Эти солдаты знали, что шли умирать. Шли вновь и вновь подниматься под отчаянный рёв командиров, бросаться прямиком на огненный пулемётный ствол, снова и снова погибать за свою Родину. Солдаты шли ненавидеть своих врагов, ненавидеть до гордости, до святости, до неукротимого лесного пожара и звериной чистоты.
Бесконечный строй солдат шёл отвоёвывать землю своих отцов.

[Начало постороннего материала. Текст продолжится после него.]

(* Let $0<\alpha<1$, $\lambda\in\mathbb{R}$, $T>0$, integers $N,M\ge 2$, $\tau=T/N$, $h=(b-a)/M$, and grid points $x_i=a+ih$, $0\le i\le M$. Let $\{v_i^n\}$ ($0\le i\le M$, $0\le n\le N$) satisfy $$\mathcal{A}_x\delta_{t}^{\alpha,\lambda} v_i^{n}-\mathcal{A}_t^{\alpha}\delta_{x}^2v_i^{n}=S_i^{n},\quad 1\leq i\leq M-1,\ 1\leq n\leq N,$$ $$v^n_0=0,\quad v^n_M=0,\quad 1\le n\le N,\qquad v^0_i=v_0(x_i),\quad 0\le i\le M,$$ where $v_0(x_0)=v_0(x_M)=0$ and $S_i^n$ are given. If $2-\alpha-e^{\lambda\tau}\ge0$, then for $1<n\le N$, $$\|v^n\|^2\leq \frac{3}{2}e^{2|\lambda|T}\|v^{0}\|^2+\frac{3\Gamma(1-\alpha)T^{\alpha}e^{2|\lambda|T}}{C_{\Omega}} \max_{0\leq n\leq N}\|S^n\|^2,$$ where $\|S^n\|=\sqrt{h\sum_{i=1}^{M-1}(S_i^n)^2}$.
   Context: $g_k^{\alpha}=(-1)^k\binom{\alpha}{k}$ are the coefficients of $(1-z)^{\alpha}=\sum_{k\ge0}g_k^{\alpha}z^k$ and $g_k^{\alpha,\lambda}=e^{-(k-\frac{\alpha}{2})\lambda\tau}g_k^{\alpha}$. Time operators (applied for each fixed $i$): $\delta_t^{\alpha,\lambda}v_i^n=\tau^{-\alpha}\sum_{k=0}^{n}g_k^{\alpha,\lambda}v_i^{n-k}$ and $\mathcal{A}_t^{\alpha}v_i^n=(1-\frac{\alpha}{2})v_i^n+\frac{\alpha}{2}v_i^{n-1}$. Space operators: $\delta_x^2v_i=h^{-2}(v_{i-1}-2v_i+v_{i+1})$, and $\mathcal{A}_xv_i=\frac{1}{12}(v_{i-1}+10v_i+v_{i+1})$ for $1\le i\le M-1$, $\mathcal{A}_xv_i=v_i$ for $i=0,M$. For grid functions $u,v$ on $\{x_0,\dots,x_M\}$ vanishing at $x_0,x_M$ (the space $V_h$), $(u,v)=h\sum_{i=1}^{M-1}u_iv_i$ and $\|v\|=\sqrt{(v,v)}$. $C_\Omega>0$ is a constant depending only on $\Omega=(a,b)$ (not on $h$) such that $-(\delta_x^2v,v)\ge C_\Omega\|v\|^2$ for all $v\in V_h$ and all mesh sizes $h$. *)

theory Defs
  imports "HOL-Analysis.Analysis"
begin

text \<open>Grid functions in time and space are represented as v :: nat => nat => real,
  with v n i the value at time level n and spatial node i.\<close>

definition gl_coef :: "real \<Rightarrow> nat \<Rightarrow> real" where
  "gl_coef \<alpha> k = (-1) ^ k * (\<alpha> gchoose k)"

definition tgl_coef :: "real \<Rightarrow> real \<Rightarrow> real \<Rightarrow> nat \<Rightarrow> real" where
  "tgl_coef \<alpha> lam \<tau> k = exp (- (real k - \<alpha> / 2) * lam * \<tau>) * gl_coef \<alpha> k"

definition delta_t :: "real \<Rightarrow> real \<Rightarrow> real \<Rightarrow> (nat \<Rightarrow> nat \<Rightarrow> real) \<Rightarrow> nat \<Rightarrow> nat \<Rightarrow> real" where
  "delta_t \<alpha> lam \<tau> v n i = \<tau> powr (- \<alpha>) * (\<Sum>k = 0..n. tgl_coef \<alpha> lam \<tau> k * v (n - k) i)"

definition A_t :: "real \<Rightarrow> (nat \<Rightarrow> nat \<Rightarrow> real) \<Rightarrow> nat \<Rightarrow> nat \<Rightarrow> real" where
  "A_t \<alpha> v n i = (1 - \<alpha> / 2) * v n i + \<alpha> / 2 * v (n - 1) i"

definition delta_x2 :: "real \<Rightarrow> (nat \<Rightarrow> real) \<Rightarrow> nat \<Rightarrow> real" where
  "delta_x2 h u i = (u (i - 1) - 2 * u i + u (i + 1)) / h ^ 2"

definition A_x :: "nat \<Rightarrow> (nat \<Rightarrow> real) \<Rightarrow> nat \<Rightarrow> real" where
  "A_x M u i = (if 1 \<le> i \<and> i \<le> M - 1 then (u (i - 1) + 10 * u i + u (i + 1)) / 12 else u i)"

definition grid_inner :: "real \<Rightarrow> nat \<Rightarrow> (nat \<Rightarrow> real) \<Rightarrow> (nat \<Rightarrow> real) \<Rightarrow> real" where
  "grid_inner h M u w = h * (\<Sum>i = 1..M - 1. u i * w i)"

definition grid_norm :: "real \<Rightarrow> nat \<Rightarrow> (nat \<Rightarrow> real) \<Rightarrow> real" where
  "grid_norm h M u = sqrt (grid_inner h M u u)"

end

theory Submission
  imports Defs
begin

text \<open>
  Put \<open>E = exp (lam * \<tau>)\<close>. Substituting \<open>w\<^sup>m = E\<^sup>m v\<^sup>m\<close> turns the tempered operator into the plain
  Grunwald-Letnikov sum with coefficients \<open>g\<^sub>k\<close>, where \<open>g\<^sub>0 = 1\<close>, \<open>g\<^sub>1 = -\<alpha>\<close> and \<open>g\<^sub>k \<le> 0\<close> for \<open>k \<ge> 2\<close>.
  Testing the transformed scheme with \<open>A\<^sub>t w\<^sup>m\<close> and using coercivity of \<open>-\<delta>\<^sub>x\<^sup>2\<close> and Young's
  inequality bounds \<open>\<Sum>\<^sub>k g\<^sub>k ((1 - \<alpha>/2) p(m-k,m) + (\<alpha>/2) E p(m-k,m-1))\<close> by the source, where \<open>p\<close> is the
  symmetric positive form induced by \<open>A\<^sub>x\<close>. Since \<open>E \<le> 2 - \<alpha>\<close> every coefficient except that of \<open>p(m,m)\<close>
  is nonpositive, so Cauchy-Schwarz for \<open>p\<close> and induction on \<open>m\<close> bound all \<open>p(m,m)\<close> by one constant.
  Its size comes from \<open>(\<Sum>\<^sub>k\<^sub>\<le>\<^sub>m g\<^sub>k) \<Gamma>(1-\<alpha>) \<ge> (m+1)\<^sup>-\<^sup>\<alpha>\<close>, a consequence of the log-convexity of \<open>\<Gamma>\<close>.
\<close>

lemma gl_coef_0: "gl_coef \<alpha> 0 = 1"
  by (simp add: gl_coef_def)

lemma gl_coef_1: "gl_coef \<alpha> 1 = - \<alpha>"
  by (simp add: gl_coef_def)

lemma gl_coef_nonpos:
  assumes "0 \<le> \<alpha>" "\<alpha> < 1" "1 \<le> k"
  shows "gl_coef \<alpha> k \<le> 0"
proof -
  obtain j where k: "k = Suc j" using assms(3) by (cases k) auto
  have "gl_coef \<alpha> k = - \<alpha> * pochhammer (1 - \<alpha>) j / fact k"
    by (simp add: gl_coef_def gbinomial_pochhammer k pochhammer_rec)
  also have "\<dots> \<le> 0"
    using assms pochhammer_pos[of "1 - \<alpha>" j] by (simp add: divide_nonpos_pos)
  finally show ?thesis .
qed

Дрожь в левой руке генерала усиливалась. Раскрытая старческая сухая ладонь плясала на сером полотне бункерной стены. Он смотрел, не отрывая взгляда, на бесконечный походный строй молодых людей, что шли на смерть из-за слабости своих отцов. Старый генерал видел, как вынуждены были расплачиваться за прошлые ошибки и грехи двадцатилетние мальчишки, что едва-едва застали ту страну, за свободу которой тысячи из них вскоре сложат головы.
Взгляд Карбышева бежал по лицам солдат. Такие одинаковые, такие разные, такие гордые и скованные цепями своего долга. Каждому из них Дмитрий Михайлович старался улыбнуться уголками губ, каждого старался подбодрить, перед каждым старался извиниться, пусть молча, пусть не вслух, за слабость своего поколения, за свои собственные ошибки, за то, что впереди этих мальчишек ждут не весенние поля из цветов и трав, а километры мин и огня. И всё же, он не видел сожаления в этих юных глазах. Ни капли грусти, ни капли той тяжести, которой на них навалился их же собственный долг. Только то возвышенное, триумфальное чувство, которое мужчина испытывает, приближаясь к своему врагу. Не просто противнику, но именно к врагу, настоящему, кровавому и кровному.
Он ждал этого. Все эти двадцать лет, укрепляя последнюю линию обороны своей Родины, того жалкого уральского куска, что от неё остался. Он ждал этих бесконечных колонн все те двадцать лет, что прятался от немецких бомбёжек по подземельям, зажимая руками кровоточащие уши. Он спал и в горячем бреду видел этих солдат, во взгляде которых нет ни малейшего следа слабости. Он видел этих мальчишек, когда засыпал коротким и беспокойным сном, пытаясь хоть чуть-чуть отдохнуть от бесконечных чертежей.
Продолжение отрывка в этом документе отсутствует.